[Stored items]
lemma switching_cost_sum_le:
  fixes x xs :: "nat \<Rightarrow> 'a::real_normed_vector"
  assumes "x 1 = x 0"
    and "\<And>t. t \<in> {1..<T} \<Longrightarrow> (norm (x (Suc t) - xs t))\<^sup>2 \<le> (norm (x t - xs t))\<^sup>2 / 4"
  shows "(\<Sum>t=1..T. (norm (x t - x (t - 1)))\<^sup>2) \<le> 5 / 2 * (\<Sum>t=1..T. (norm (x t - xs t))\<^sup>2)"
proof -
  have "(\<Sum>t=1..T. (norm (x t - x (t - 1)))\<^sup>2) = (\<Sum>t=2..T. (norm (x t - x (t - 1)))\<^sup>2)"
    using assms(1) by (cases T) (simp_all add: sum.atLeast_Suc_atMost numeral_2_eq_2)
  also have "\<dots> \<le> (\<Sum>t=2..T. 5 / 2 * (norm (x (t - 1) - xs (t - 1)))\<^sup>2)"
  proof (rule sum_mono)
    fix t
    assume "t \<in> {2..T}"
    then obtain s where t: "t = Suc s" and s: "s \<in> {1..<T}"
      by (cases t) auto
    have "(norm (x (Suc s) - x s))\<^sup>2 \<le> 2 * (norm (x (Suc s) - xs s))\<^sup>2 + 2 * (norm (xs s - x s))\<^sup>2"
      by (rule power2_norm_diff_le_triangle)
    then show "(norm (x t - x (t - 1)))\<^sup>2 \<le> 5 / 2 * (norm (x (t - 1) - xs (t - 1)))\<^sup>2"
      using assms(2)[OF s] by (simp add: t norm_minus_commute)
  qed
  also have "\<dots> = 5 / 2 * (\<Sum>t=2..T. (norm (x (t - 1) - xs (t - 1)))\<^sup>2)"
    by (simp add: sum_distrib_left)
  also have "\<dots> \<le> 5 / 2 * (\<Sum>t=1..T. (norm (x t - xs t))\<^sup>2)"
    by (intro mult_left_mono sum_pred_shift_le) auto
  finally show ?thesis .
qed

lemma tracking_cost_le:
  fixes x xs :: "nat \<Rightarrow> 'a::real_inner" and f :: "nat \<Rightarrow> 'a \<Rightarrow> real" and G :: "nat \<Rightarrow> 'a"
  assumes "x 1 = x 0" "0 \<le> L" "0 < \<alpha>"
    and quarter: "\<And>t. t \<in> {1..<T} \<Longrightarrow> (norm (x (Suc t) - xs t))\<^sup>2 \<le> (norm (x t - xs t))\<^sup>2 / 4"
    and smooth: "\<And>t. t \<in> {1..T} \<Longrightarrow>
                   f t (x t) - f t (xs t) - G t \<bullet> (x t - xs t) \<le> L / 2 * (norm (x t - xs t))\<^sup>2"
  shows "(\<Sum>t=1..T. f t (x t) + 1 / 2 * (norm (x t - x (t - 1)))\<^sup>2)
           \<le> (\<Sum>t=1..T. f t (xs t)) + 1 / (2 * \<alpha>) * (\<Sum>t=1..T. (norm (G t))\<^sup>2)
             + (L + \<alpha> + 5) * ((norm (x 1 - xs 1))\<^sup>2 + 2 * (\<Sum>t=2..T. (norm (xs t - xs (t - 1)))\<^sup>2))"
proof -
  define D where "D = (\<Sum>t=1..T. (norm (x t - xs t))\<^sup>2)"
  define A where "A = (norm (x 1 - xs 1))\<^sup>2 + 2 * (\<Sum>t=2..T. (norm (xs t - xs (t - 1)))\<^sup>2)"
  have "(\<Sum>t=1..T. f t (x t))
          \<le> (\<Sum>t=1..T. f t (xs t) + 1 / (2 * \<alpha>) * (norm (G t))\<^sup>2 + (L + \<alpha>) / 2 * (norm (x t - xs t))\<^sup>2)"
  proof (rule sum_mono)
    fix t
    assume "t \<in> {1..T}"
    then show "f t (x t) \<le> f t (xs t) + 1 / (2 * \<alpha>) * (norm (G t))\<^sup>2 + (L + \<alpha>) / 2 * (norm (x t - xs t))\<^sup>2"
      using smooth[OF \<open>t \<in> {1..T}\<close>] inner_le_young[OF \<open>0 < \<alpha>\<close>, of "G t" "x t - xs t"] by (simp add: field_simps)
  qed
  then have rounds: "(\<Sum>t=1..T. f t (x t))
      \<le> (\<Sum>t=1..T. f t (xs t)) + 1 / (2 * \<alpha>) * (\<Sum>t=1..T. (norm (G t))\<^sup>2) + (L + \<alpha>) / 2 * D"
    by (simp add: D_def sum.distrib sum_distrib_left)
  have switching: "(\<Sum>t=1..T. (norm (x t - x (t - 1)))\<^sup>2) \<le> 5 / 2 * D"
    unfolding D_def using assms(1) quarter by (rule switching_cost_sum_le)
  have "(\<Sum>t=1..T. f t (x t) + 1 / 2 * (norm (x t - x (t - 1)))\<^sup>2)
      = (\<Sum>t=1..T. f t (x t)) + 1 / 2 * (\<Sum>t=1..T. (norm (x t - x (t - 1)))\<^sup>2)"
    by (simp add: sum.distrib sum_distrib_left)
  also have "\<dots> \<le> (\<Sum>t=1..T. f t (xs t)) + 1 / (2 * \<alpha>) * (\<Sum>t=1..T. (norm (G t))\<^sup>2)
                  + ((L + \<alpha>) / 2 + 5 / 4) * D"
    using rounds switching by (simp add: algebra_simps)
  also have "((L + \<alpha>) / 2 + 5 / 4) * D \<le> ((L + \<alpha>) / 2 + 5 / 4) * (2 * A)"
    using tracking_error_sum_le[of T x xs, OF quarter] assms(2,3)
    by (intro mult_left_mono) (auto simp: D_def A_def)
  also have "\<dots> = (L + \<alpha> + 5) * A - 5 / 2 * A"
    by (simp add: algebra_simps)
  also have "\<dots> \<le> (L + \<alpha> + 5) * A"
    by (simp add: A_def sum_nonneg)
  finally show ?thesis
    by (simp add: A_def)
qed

* _YOUR GOAL_: Report all lines above with "Longrightarrow".

* _RESULT OF THIS EXERCISE_:
    and "\<And>t. t \<in> {1..<T} \<Longrightarrow> (norm (x (Suc t) - xs t))\<^sup>2 \<le> (norm (x t - xs t))\<^sup>2 / 4"
    and quarter: "\<And>t. t \<in> {1..<T} \<Longrightarrow> (norm (x (Suc t) - xs t))\<^sup>2 \<le> (norm (x t - xs t))\<^sup>2 / 4"
    and smooth: "\<And>t. t \<in> {1..T} \<Longrightarrow>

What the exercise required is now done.